The stereo aural signals of R and L channels which were separated by the first and second aural signal separators 140a, 140b, respectively, are converted into analog signals through their respective D/A converters 14a and 14b to be output.
The two channel signals of both luminance signal and color signal of which transmission capacities are expanded by eight times at the respective first and second image decoder 150a, 150b are firstly combined together at luminance/color signal synthersizer 160, and next converted into analog signals in digital/analog signal converter 170, and then applied to an output terminal OUT.
In a recording and reproducing system of D-VTR according to the present invention, the apparatus for driving the head drum 90 is composed so as to adopt a conventional VHS type apparatus of half inch per sec, and is of 2 channel-4 head recording type by allotting 2 heads per channel.
In addition, in a recording and playback system for DVTR according to the present invention, the recording data rate is 20 Mbps per channel as stated above and maximum recording frequency is 10 MHZ, and the velocity of head drum 90 is to be rotated at 3600 rpm since high frequency recording is impossible at a relative velocity such as that of VHS type.
Meanwhile, data which can be recorded onto tape 95 by using a recording and playback system for D-VTR according to the present invention are up to 8 tracks per frame so that data per frame is 1.33 Mbps while data per track is 0.167 Mbps. Further, the diameter of head drum 90 and lead angle thereof are 62 mm and 5.935' which are the same as those of VHS type systems.
In such a case, the track length becomes 97.389 mm, and when the velocity of the tape 95 reaches the speed of 33.35 pk mm/sec as is the same as that of a VHS type system at which the velocity of head drum 90 doubles in speed, the relative speed becomes about 11.65 m/sec.
Accordingly, a recording and playback system for D-VTR according to the present invention, because the relative velocity of head drum 90 is remarkably faster than that of VHS type, can record and/or reproduce even a 10 MHZ high frequency signal, where the effective lead angle of tape 95 during running is 5.952'.
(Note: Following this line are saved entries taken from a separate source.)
(* Let $(A,\mu,E,\Delta,\epsilon)$ be a weak multiplier bialgebra over a field $k$. The following are equivalent: (1) $E=1$ in $\mathbb M(A\otimes A)$; (2) $\epsilon(ab)=\epsilon(a)\epsilon(b)$ for all $a,b\in A$; (3) $\overline\sqcap^L(a)=\epsilon(a)1$ in $\mathbb M(A)$ for all $a\in A$; (4) $\overline\sqcap^R(a)=\epsilon(a)1$ in $\mathbb M(A)$ for all $a\in A$.
   Context: Let $k$ be a field, $\otimes=\otimes_k$. A non-unital $k$-algebra $A$ with multiplication $\mu(a\otimes b)=ab$ is idempotent if $\mu$ is surjective and has non-degenerate multiplication if ($ab=0\ \forall a$)$\Rightarrow b=0$ and ($ba=0\ \forall a$)$\Rightarrow b=0$. Its multiplier algebra $\mathbb M(A)$ consists of pairs $(\lambda,\rho)$ of linear maps $A\to A$ with $a\lambda(b)=\rho(a)b$ (product $(\lambda',\rho')(\lambda,\rho)=(\lambda'\lambda,\rho\rho')$, unit $1=(\mathrm{id},\mathrm{id})$), containing $A$ as a dense two-sided ideal; $A\otimes A\subseteq\mathbb M(A)\otimes\mathbb M(A)\subseteq\mathbb M(A\otimes A)$. $\langle X\rangle$ is linear span; multiplicative $\gamma:A\to\mathbb M(B)$ with idempotent $e\in\mathbb M(B)$, $\langle\gamma(a)b\rangle=eB$, $\langle b\gamma(a)\rangle=Be$, extends uniquely to multiplicative $\overline\gamma:\mathbb M(A)\to\mathbb M(B)$ with $\overline\gamma(1)=e$. A weak multiplier bialgebra: idempotent $A$ with non-degenerate multiplication, idempotent $E\in\mathbb M(A\otimes A)$, multiplicative linear $\Delta:A\to\mathbb M(A\otimes A)$, linear $\epsilon:A\to k$ with: (i) $T_1(a\otimes b):=\Delta(a)(1\otimes b)$, $T_2(a\otimes b):=(a\otimes1)\Delta(b)$ lie in $A\otimes A$; (ii) $(T_2\otimes\mathrm{id})(\mathrm{id}\otimes T_1)=(\mathrm{id}\otimes T_1)(T_2\otimes\mathrm{id})$; (iii) $(\epsilon\otimes\mathrm{id})T_1=\mu=(\mathrm{id}\otimes\epsilon)T_2$; (iv) $\langle\Delta(a)(b\otimes b')\rangle=\langle E(b\otimes b')\rangle$ and $\langle(b\otimes b')\Delta(a)\rangle=\langle(b\otimes b')E\rangle$; (v) $(E\otimes1)(1\otimes E)=E^{(3)}=(1\otimes E)(E\otimes1)$ with $E^{(3)}:=(\overline{\mathrm{id}\otimes\Delta})(E)=(\overline{\Delta\otimes\mathrm{id}})(E)$; (vi) $(\epsilon\otimes\mathrm{id})((1\otimes a)E(b\otimes c))=(\epsilon\otimes\mathrm{id})(\Delta(a)(b\otimes c))$ and $(\epsilon\otimes\mathrm{id})((a\otimes b)E(1\otimes c))=(\epsilon\otimes\mathrm{id})((a\otimes b)\Delta(c))$. For $a\in A$: $\overline\sqcap^L(a)\in\mathbb M(A)$ is the multiplier with $\overline\sqcap^L(a)b=(\epsilon\otimes\mathrm{id})((a\otimes1)\Delta(b))$ and $b\overline\sqcap^L(a)=(\epsilon\otimes\mathrm{id})((a\otimes b)E)$; $\overline\sqcap^R(a)\in\mathbb M(A)$ is the multiplier with $b\overline\sqcap^R(a)=(\mathrm{id}\otimes\epsilon)(\Delta(b)(1\otimes a))$ and $\overline\sqcap^R(a)b=(\mathrm{id}\otimes\epsilon)(E(b\otimes a))$. *)

theory Defs
  imports Main "HOL-Library.Function_Algebras"
begin

text \<open>
  The algebra A is the type 'a
  (class ring, i.e. a possibly NON-unital associative ring; its multiplication is (*))
  together with a scalar multiplication sc :: 'k => 'a => 'a making it a k-algebra.

  A (x) A is modelled concretely (and canonically) as the linear span,
  inside the k-valued functions on pairs of maps A -> k, of the functions
  a (x) b := ((f,g) |-> f(a) g(b)) for linear functionals f,g (and 0 elsewhere).
  Since A (x) A -> (A* (x) A*)* is injective over a field, this span is (isomorphic to)
  A (x) A.  Likewise for A (x) A (x) A.  Linear maps out of tensor products are defined
  by the universal property (lift2, lift3), i.e. by multilinear extension; they are only
  applied to multilinear data.

  A multiplier of an algebra with carrier S, scalar action sc and product
  mul is a pair (L,R) of linear maps S -> S with  mul a (L b) = mul (R a) b.  Since only
  the values on S matter, equality of multipliers is equality on S (meq).
\<close>

type_synonym ('k,'a) t2 = "('a \<Rightarrow> 'k) \<times> ('a \<Rightarrow> 'k) \<Rightarrow> 'k"
type_synonym ('k,'a) t3 = "('a \<Rightarrow> 'k) \<times> ('a \<Rightarrow> 'k) \<times> ('a \<Rightarrow> 'k) \<Rightarrow> 'k"
type_synonym 'v mlt = "('v \<Rightarrow> 'v) \<times> ('v \<Rightarrow> 'v)"

definition k_algebra :: "('k::field \<Rightarrow> 'a::ring \<Rightarrow> 'a) \<Rightarrow> bool" where
  "k_algebra sc \<longleftrightarrow>
     (\<forall>c x y. sc c (x + y) = sc c x + sc c y) \<and>
     (\<forall>c d x. sc (c + d) x = sc c x + sc d x) \<and>
     (\<forall>c d x. sc c (sc d x) = sc (c * d) x) \<and>
     (\<forall>x. sc 1 x = x) \<and>
     (\<forall>c x y. sc c (x * y) = sc c x * y \<and> sc c (x * y) = x * sc c y)"

definition lin_fun :: "('k::field \<Rightarrow> 'a::ab_group_add \<Rightarrow> 'a) \<Rightarrow> ('a \<Rightarrow> 'k) \<Rightarrow> bool" where
  "lin_fun sc f \<longleftrightarrow> (\<forall>x y. f (x + y) = f x + f y) \<and> (\<forall>c x. f (sc c x) = c * f x)"

definition fsc :: "'k::field \<Rightarrow> ('x \<Rightarrow> 'k) \<Rightarrow> ('x \<Rightarrow> 'k)" where
  "fsc c t = (\<lambda>x. c * t x)"

definition fspan :: "('x \<Rightarrow> 'k::field) set \<Rightarrow> ('x \<Rightarrow> 'k) set" where
  "fspan X = {(\<Sum>i<n. fsc (c i) (x i)) | (n::nat) c x. \<forall>i<n. x i \<in> X}"

section \<open>Tensor products A (x) A and A (x) A (x) A\<close>

definition tens2 :: "('k::field \<Rightarrow> 'a::ab_group_add \<Rightarrow> 'a) \<Rightarrow> 'a \<Rightarrow> 'a \<Rightarrow> ('k,'a) t2" where
  "tens2 sc a b = (\<lambda>(f,g). if lin_fun sc f \<and> lin_fun sc g then f a * g b else 0)"

definition tens3 :: "('k::field \<Rightarrow> 'a::ab_group_add \<Rightarrow> 'a) \<Rightarrow> 'a \<Rightarrow> 'a \<Rightarrow> 'a \<Rightarrow> ('k,'a) t3" where
  "tens3 sc a b c = (\<lambda>(f,g,h). if lin_fun sc f \<and> lin_fun sc g \<and> lin_fun sc h
                               then f a * g b * h c else 0)"

definition TT2 :: "('k::field \<Rightarrow> 'a::ab_group_add \<Rightarrow> 'a) \<Rightarrow> ('k,'a) t2 set" where
  "TT2 sc = {(\<Sum>i<n. tens2 sc (a i) (b i)) | (n::nat) a b. True}"

definition TT3 :: "('k::field \<Rightarrow> 'a::ab_group_add \<Rightarrow> 'a) \<Rightarrow> ('k,'a) t3 set" where
  "TT3 sc = {(\<Sum>i<n. tens3 sc (a i) (b i) (c i)) | (n::nat) a b c. True}"

definition lift2 :: "('k::field \<Rightarrow> 'a::ab_group_add \<Rightarrow> 'a) \<Rightarrow> ('a \<Rightarrow> 'a \<Rightarrow> 'b::comm_monoid_add)
                      \<Rightarrow> ('k,'a) t2 \<Rightarrow> 'b" where
  "lift2 sc \<beta> t = (SOME v. \<exists>(n::nat) a b. t = (\<Sum>i<n. tens2 sc (a i) (b i)) \<and> v = (\<Sum>i<n. \<beta> (a i) (b i)))"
In addition, the real length of the track is 97.1129 mm, and the track's angle becomes larger by influence of the velocity of tape 95, compared with the angle taken during stop.
The tape 95 runs at the rate of 8×30=240 tracks per second and, since its velocity is 33.35 mm/s, the gap between tracks is about 14.4 mm wide, which results in a very small region for one bit.
The shortest recording wavelength to record maximum frequency of the above stated 10 MHz becomes, because its relative velocity is about 11.65 μm/sec, about 1.165 μm by applying an equation of λ=Vr/f thereto, and the recording density of which is 1.7 bit per 1 μm and the recording area of one bit is about 8.4 μm.
FIG.2 is an enlarged view illustrating the format of tape 95 according to FIG. 1. Referring to FIG. 2, data arrangement per track LT is such that track preamble T, and audio O sector, post-amble P, edit gap EGO, in-track preamble E, video sector, post-amble P, edit gap EG 1, in-track preamble E, audio 1 sector and post-amble P are settled in order.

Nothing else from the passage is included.